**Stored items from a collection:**
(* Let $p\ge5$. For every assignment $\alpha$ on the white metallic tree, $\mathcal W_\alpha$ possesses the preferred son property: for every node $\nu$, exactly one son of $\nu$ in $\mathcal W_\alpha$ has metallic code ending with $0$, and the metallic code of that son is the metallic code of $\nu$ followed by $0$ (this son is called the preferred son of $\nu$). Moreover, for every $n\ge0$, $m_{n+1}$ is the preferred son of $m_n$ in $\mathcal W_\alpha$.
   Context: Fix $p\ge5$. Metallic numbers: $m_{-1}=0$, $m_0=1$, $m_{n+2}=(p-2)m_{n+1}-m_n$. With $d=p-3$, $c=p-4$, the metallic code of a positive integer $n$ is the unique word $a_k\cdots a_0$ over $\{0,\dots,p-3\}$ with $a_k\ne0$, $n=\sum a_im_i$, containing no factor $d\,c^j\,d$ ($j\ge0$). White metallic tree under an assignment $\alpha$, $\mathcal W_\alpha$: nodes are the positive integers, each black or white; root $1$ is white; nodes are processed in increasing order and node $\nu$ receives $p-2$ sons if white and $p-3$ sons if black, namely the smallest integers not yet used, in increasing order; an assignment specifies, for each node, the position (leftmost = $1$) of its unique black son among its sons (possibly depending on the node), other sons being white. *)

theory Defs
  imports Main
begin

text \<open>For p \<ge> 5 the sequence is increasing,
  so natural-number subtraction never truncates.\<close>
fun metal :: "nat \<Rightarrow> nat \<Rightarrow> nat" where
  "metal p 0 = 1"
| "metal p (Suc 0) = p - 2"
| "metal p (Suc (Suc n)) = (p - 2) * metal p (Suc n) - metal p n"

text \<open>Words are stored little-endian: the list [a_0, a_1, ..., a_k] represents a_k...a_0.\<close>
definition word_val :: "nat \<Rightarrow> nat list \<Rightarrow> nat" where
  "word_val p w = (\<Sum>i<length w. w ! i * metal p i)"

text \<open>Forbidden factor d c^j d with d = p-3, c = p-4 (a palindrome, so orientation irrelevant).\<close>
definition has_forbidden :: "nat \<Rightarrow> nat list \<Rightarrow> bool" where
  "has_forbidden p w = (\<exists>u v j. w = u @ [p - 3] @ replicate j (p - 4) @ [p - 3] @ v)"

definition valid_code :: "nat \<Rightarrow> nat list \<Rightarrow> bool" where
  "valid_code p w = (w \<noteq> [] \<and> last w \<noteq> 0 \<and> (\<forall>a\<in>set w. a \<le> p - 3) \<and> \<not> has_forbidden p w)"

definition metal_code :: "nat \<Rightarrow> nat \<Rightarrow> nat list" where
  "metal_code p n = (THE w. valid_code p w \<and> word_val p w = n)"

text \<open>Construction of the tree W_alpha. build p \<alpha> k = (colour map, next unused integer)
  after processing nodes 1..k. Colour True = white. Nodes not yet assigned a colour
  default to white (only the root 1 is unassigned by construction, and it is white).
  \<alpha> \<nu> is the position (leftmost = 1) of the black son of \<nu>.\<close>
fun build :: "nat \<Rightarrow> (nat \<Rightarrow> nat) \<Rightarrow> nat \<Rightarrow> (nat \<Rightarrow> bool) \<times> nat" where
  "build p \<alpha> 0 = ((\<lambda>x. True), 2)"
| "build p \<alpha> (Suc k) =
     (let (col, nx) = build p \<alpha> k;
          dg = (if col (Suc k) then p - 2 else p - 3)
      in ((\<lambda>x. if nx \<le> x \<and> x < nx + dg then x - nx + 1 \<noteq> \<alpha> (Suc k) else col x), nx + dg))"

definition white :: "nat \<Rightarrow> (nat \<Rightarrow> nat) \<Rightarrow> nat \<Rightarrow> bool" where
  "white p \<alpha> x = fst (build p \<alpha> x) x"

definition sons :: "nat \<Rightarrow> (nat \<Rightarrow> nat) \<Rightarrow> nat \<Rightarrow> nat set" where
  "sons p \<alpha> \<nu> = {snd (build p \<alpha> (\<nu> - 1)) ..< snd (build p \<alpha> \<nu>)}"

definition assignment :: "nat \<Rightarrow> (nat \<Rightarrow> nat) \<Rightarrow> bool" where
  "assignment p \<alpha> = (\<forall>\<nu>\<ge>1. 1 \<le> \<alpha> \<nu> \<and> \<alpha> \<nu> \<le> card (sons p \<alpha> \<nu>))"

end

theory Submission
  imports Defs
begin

**INSTRUCTIONS TO FOLLOW:**
Only the line containing "p \<alpha> 0" and the lines after it, through the end of the data, should be copied, exactly as they are.

**ANSWER FOR THE TASK:**
  "build p \<alpha> 0 = ((\<lambda>x. True), 2)"
| "build p \<alpha> (Suc k) =
     (let (col, nx) = build p \<alpha> k;
          dg = (if col (Suc k) then p - 2 else p - 3)
      in ((\<lambda>x. if nx \<le> x \<and> x < nx + dg then x - nx + 1 \<noteq> \<alpha> (Suc k) else col x), nx + dg))"

definition white :: "nat \<Rightarrow> (nat \<Rightarrow> nat) \<Rightarrow> nat \<Rightarrow> bool" where
  "white p \<alpha> x = fst (build p \<alpha> x) x"

definition sons :: "nat \<Rightarrow> (nat \<Rightarrow> nat) \<Rightarrow> nat \<Rightarrow> nat set" where
  "sons p \<alpha> \<nu> = {snd (build p \<alpha> (\<nu> - 1)) ..< snd (build p \<alpha> \<nu>)}"

definition assignment :: "nat \<Rightarrow> (nat \<Rightarrow> nat) \<Rightarrow> bool" where
  "assignment p \<alpha> = (\<forall>\<nu>\<ge>1. 1 \<le> \<alpha> \<nu> \<and> \<alpha> \<nu> \<le> card (sons p \<alpha> \<nu>))"

end

theory Submission
  imports Defs
begin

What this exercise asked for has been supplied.